The team became aware of a program at Contra Costa Health Centers in Martinez, CA, in which the ambulatory care system stopped making any follow-up appointments and decreased its fail rate by 50%. As part of its "Patients' Choice" program, highlighted in the winter 1997 issue of Ambulatory Outreach magazine, Contra Costa changed its family practice profile from one with 89% pre-booked and 11% same/next day appointments to a profile with 40% pre-booked and 60% same/next day appointments.
Patients are given written instructions on how to call and make a same/next day appointment, and there are a few pre-booked appointments available for particularly vulnerable patients the provider is concerned about, the article points out.
One of the differences between that health care organization and her own, Young says, is that all personnel at Contra Costa - including physicians - work under the same administrative umbrella, and one of the physicians leads the redesign effort. Another unusual factor is that Contra Costa's physicians belong to a union.

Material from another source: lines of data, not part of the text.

lemma coeff_int_ext_poly: "coeff_int ext_poly m = e_int p m - (-1) ^ l * e_int p (m - int n)"
  by (auto simp: coeff_int_def ext_poly_def coeff_monom_mult e_int_def coeff_elem_poly nat_diff_distrib)

lemma coeff_int_ext_poly_less: "m < int n \<Longrightarrow> coeff_int ext_poly m = e_int p m"
  by (simp add: coeff_int_ext_poly e_int_def)

lemma e_int_eq_coeff_int_ext_poly:
  assumes "1 - int l \<le> m"
  shows "e_int p m = - ((-1) ^ l) * coeff_int ext_poly (int n + m)"
proof -
  have "e_int p (int n + m) = 0"
    using assms k_less_n by (auto simp: e_int_def intro!: p_eq_0)
  then show ?thesis
    by (simp add: coeff_int_ext_poly mult.assoc[symmetric] power_mult_distrib[symmetric])
qed
lemma polyfun_diff: "polyfun f \<Longrightarrow> polyfun g \<Longrightarrow> polyfun (\<lambda>t. f t - g t)"
  unfolding polyfun_def by (metis poly_diff)

lemma polyfun_mult: "polyfun f \<Longrightarrow> polyfun g \<Longrightarrow> polyfun (\<lambda>t. f t * g t)"
  unfolding polyfun_def by (metis poly_mult)

lemma polyfun_sum: "(\<And>x. x \<in> S \<Longrightarrow> polyfun (f x)) \<Longrightarrow> polyfun (\<lambda>t. \<Sum>x\<in>S. f x t)"
  by (induction S rule: infinite_finite_induct) (auto intro: polyfun_const polyfun_add)

lemma polyfun_prod: "(\<And>x. x \<in> S \<Longrightarrow> polyfun (f x)) \<Longrightarrow> polyfun (\<lambda>t. \<Prod>x\<in>S. f x t)"
  by (induction S rule: infinite_finite_induct) (auto intro: polyfun_const polyfun_mult)

lemma polyfun_finite_zeros:
  assumes "polyfun f" and "f a \<noteq> 0"
  shows "finite {t. f t = 0}"
proof -
  obtain p where "\<forall>t. f t = poly p t" using assms(1) unfolding polyfun_def by blast
  with assms(2) show ?thesis by (auto intro: poly_roots_finite)
qed

lemma common_nonzero_point:
  fixes \<phi> :: "'k \<Rightarrow> 'a \<Rightarrow> complex" and \<gamma> :: "'a \<Rightarrow> 'a \<Rightarrow> complex \<Rightarrow> 'a"
  assumes "finite D"
    and \<gamma>0: "\<And>p q. \<gamma> p q 0 = p" and \<gamma>1: "\<And>p q. \<gamma> p q 1 = q"
    and polynomial: "\<And>k p q. k \<in> D \<Longrightarrow> polyfun (\<lambda>t. \<phi> k (\<gamma> p q t))"
    and nonzero: "\<And>k. k \<in> D \<Longrightarrow> \<exists>x. \<phi> k x \<noteq> 0"
  shows "\<exists>x. \<forall>k\<in>D. \<phi> k x \<noteq> 0"
  using assms(1) polynomial nonzero
proof (induction D rule: finite_induct)
  case empty
  then show ?case by simp
next
  case (insert k0 D)
  then obtain p where p: "\<forall>k\<in>D. \<phi> k p \<noteq> 0" by auto
  obtain q where q: "\<phi> k0 q \<noteq> 0" using insert.prems(2) by blast
  have "finite {t. \<phi> k (\<gamma> p q t) = 0}" if "k \<in> insert k0 D" for k
  proof (cases "k = k0")
    case True
    then show ?thesis using q \<gamma>1 polyfun_finite_zeros[of _ 1] insert.prems(1) that by simp
  next
    case False
    then show ?thesis using p \<gamma>0 polyfun_finite_zeros[of _ 0] insert.prems(1) that by simp
  qed
  then have "finite (\<Union>k\<in>insert k0 D. {t. \<phi> k (\<gamma> p q t) = 0})"
    using insert.hyps(1) by blast
  then obtain t where "t \<notin> (\<Union>k\<in>insert k0 D. {t. \<phi> k (\<gamma> p q t) = 0})"
    by (metis ex_new_if_finite infinite_UNIV_char_0)
  then show ?case by blast
qed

"Our clinics report up [through the hospital's chain of command], but our physicians are privately owned, so the institution doesn't have a lot of control over them," she says.
The team is hopeful, Young says, because the physician who is the medical director of quality management is interested in the Contra Costa proposal. This two-part remedy - short-notice clinics and the elimination of marginal appointments - would significantly improve the appointment fail rate, team members believe.
"If physicians choose to jump on this," she says, "it's the one thing that could work."